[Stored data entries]
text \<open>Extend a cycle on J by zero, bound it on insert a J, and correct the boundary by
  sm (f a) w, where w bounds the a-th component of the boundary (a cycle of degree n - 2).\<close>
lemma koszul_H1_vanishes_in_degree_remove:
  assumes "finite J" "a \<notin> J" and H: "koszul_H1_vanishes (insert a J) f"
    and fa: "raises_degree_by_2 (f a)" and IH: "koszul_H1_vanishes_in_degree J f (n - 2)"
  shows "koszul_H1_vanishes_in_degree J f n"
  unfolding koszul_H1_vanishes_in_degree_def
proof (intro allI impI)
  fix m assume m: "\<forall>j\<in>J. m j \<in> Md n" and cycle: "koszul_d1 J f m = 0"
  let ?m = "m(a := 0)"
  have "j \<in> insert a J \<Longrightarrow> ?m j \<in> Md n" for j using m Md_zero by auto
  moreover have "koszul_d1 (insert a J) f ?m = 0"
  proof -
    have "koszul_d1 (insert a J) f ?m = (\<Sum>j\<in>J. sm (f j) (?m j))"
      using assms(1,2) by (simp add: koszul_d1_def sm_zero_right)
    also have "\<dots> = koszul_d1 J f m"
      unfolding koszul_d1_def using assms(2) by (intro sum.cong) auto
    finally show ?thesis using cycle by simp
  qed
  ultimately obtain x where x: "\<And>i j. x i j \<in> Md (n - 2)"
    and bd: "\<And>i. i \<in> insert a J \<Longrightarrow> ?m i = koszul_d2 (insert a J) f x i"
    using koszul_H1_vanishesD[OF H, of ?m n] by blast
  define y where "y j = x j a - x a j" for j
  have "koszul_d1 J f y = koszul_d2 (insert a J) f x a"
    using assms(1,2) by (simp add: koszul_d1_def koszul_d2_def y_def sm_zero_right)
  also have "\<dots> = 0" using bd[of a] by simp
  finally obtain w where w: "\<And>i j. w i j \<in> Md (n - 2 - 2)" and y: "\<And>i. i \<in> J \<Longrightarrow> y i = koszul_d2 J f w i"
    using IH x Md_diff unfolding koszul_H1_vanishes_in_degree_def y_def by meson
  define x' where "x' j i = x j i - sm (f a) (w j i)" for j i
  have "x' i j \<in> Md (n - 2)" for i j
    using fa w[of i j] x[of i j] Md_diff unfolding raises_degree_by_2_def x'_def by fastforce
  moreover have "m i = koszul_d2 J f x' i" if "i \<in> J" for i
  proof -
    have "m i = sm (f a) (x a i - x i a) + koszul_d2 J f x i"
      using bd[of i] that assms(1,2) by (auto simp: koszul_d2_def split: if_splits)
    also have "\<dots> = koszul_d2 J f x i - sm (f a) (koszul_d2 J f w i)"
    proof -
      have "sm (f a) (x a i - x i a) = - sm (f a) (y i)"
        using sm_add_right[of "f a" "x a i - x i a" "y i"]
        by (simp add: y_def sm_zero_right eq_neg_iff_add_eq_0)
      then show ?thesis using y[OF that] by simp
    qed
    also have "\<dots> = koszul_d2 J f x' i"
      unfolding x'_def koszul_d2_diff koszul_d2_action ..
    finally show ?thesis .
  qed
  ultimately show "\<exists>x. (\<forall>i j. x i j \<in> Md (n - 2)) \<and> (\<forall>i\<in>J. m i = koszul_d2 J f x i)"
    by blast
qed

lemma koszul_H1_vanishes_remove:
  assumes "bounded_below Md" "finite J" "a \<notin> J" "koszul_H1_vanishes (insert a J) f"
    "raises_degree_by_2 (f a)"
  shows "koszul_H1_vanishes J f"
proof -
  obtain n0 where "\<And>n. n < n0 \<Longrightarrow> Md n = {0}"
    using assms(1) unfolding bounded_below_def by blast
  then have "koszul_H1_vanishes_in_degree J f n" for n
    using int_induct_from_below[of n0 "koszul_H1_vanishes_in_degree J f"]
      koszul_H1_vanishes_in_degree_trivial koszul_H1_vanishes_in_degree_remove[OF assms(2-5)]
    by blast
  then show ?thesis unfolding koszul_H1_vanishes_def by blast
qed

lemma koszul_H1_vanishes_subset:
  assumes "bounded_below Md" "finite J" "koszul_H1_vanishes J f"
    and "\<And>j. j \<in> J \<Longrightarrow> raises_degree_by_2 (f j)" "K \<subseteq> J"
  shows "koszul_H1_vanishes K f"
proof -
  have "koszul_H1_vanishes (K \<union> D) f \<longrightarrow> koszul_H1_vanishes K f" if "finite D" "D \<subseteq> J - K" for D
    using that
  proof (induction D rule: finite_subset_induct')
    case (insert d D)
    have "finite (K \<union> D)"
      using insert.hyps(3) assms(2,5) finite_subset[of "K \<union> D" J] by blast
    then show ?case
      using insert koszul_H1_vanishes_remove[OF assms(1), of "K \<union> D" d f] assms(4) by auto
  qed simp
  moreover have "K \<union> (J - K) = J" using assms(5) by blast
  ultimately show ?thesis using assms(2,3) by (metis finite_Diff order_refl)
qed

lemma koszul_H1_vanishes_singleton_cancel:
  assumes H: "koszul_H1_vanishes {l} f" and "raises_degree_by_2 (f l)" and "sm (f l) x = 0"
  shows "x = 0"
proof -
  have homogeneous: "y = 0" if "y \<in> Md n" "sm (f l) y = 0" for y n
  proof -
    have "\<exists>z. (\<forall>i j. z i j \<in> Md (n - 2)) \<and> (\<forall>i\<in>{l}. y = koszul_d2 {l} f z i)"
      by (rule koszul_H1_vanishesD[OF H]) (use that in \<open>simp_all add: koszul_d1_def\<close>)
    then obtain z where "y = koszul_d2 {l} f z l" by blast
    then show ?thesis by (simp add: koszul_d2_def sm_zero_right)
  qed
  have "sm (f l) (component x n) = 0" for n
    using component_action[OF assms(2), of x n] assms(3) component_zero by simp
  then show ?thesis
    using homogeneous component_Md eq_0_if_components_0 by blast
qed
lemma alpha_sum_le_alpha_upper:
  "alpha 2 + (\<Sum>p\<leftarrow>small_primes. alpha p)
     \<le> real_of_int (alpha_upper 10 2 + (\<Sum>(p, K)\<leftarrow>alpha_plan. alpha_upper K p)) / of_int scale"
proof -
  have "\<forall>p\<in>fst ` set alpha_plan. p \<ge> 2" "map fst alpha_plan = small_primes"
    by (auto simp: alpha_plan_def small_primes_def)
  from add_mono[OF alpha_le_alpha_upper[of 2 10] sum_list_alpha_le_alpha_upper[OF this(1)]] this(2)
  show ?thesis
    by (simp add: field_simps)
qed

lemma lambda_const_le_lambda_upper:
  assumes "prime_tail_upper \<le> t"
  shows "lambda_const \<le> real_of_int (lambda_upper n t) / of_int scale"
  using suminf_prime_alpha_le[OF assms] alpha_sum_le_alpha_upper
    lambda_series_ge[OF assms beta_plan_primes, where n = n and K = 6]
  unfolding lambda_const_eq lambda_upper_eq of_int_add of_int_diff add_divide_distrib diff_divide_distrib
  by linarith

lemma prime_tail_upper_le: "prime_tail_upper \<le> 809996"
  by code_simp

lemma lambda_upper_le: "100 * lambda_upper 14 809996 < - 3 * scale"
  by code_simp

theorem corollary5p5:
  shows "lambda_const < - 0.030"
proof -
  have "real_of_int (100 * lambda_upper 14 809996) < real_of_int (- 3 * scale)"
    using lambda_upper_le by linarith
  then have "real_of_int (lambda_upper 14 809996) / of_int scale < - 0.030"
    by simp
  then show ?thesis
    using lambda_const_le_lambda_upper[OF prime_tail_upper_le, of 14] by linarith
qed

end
...
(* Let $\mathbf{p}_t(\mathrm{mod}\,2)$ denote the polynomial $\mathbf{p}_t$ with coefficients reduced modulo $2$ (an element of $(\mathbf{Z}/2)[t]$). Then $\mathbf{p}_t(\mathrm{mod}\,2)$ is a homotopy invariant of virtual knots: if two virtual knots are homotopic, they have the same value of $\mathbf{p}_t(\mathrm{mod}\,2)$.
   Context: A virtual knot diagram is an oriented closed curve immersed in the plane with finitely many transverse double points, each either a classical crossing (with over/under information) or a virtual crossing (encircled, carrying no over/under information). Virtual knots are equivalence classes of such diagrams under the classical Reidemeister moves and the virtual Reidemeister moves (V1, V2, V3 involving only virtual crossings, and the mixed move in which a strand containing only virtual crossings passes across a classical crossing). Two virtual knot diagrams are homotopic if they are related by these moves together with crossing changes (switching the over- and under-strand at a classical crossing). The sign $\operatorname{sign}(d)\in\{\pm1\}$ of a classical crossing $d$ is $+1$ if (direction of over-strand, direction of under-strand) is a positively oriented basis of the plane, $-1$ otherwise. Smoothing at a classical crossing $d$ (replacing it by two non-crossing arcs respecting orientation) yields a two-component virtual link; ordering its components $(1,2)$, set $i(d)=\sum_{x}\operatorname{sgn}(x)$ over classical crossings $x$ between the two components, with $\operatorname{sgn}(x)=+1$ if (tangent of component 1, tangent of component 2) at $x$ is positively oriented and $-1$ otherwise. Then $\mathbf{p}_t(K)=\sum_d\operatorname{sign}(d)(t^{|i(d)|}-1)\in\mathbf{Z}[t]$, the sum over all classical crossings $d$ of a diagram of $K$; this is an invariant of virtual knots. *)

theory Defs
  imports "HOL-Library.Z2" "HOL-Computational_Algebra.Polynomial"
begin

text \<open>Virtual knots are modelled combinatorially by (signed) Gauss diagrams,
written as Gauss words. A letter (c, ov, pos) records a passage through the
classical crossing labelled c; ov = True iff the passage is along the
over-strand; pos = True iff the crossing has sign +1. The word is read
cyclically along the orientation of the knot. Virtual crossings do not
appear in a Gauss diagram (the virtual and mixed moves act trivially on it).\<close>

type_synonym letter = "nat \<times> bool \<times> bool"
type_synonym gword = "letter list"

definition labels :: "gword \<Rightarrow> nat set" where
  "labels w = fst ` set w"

▸ Work to be completed:
Retype, exactly and in full, the lines above from the one containing "text \<open>Extend a" through the one containing "fix m assume".

▸ Output of the task:
text \<open>Extend a cycle on J by zero, bound it on insert a J, and correct the boundary by
  sm (f a) w, where w bounds the a-th component of the boundary (a cycle of degree n - 2).\<close>
lemma koszul_H1_vanishes_in_degree_remove:
  assumes "finite J" "a \<notin> J" and H: "koszul_H1_vanishes (insert a J) f"
    and fa: "raises_degree_by_2 (f a)" and IH: "koszul_H1_vanishes_in_degree J f (n - 2)"
  shows "koszul_H1_vanishes_in_degree J f n"
  unfolding koszul_H1_vanishes_in_degree_def
proof (intro allI impI)
  fix m assume m: "\<forall>j\<in>J. m j \<in> Md n" and cycle: "koszul_d1 J f m = 0"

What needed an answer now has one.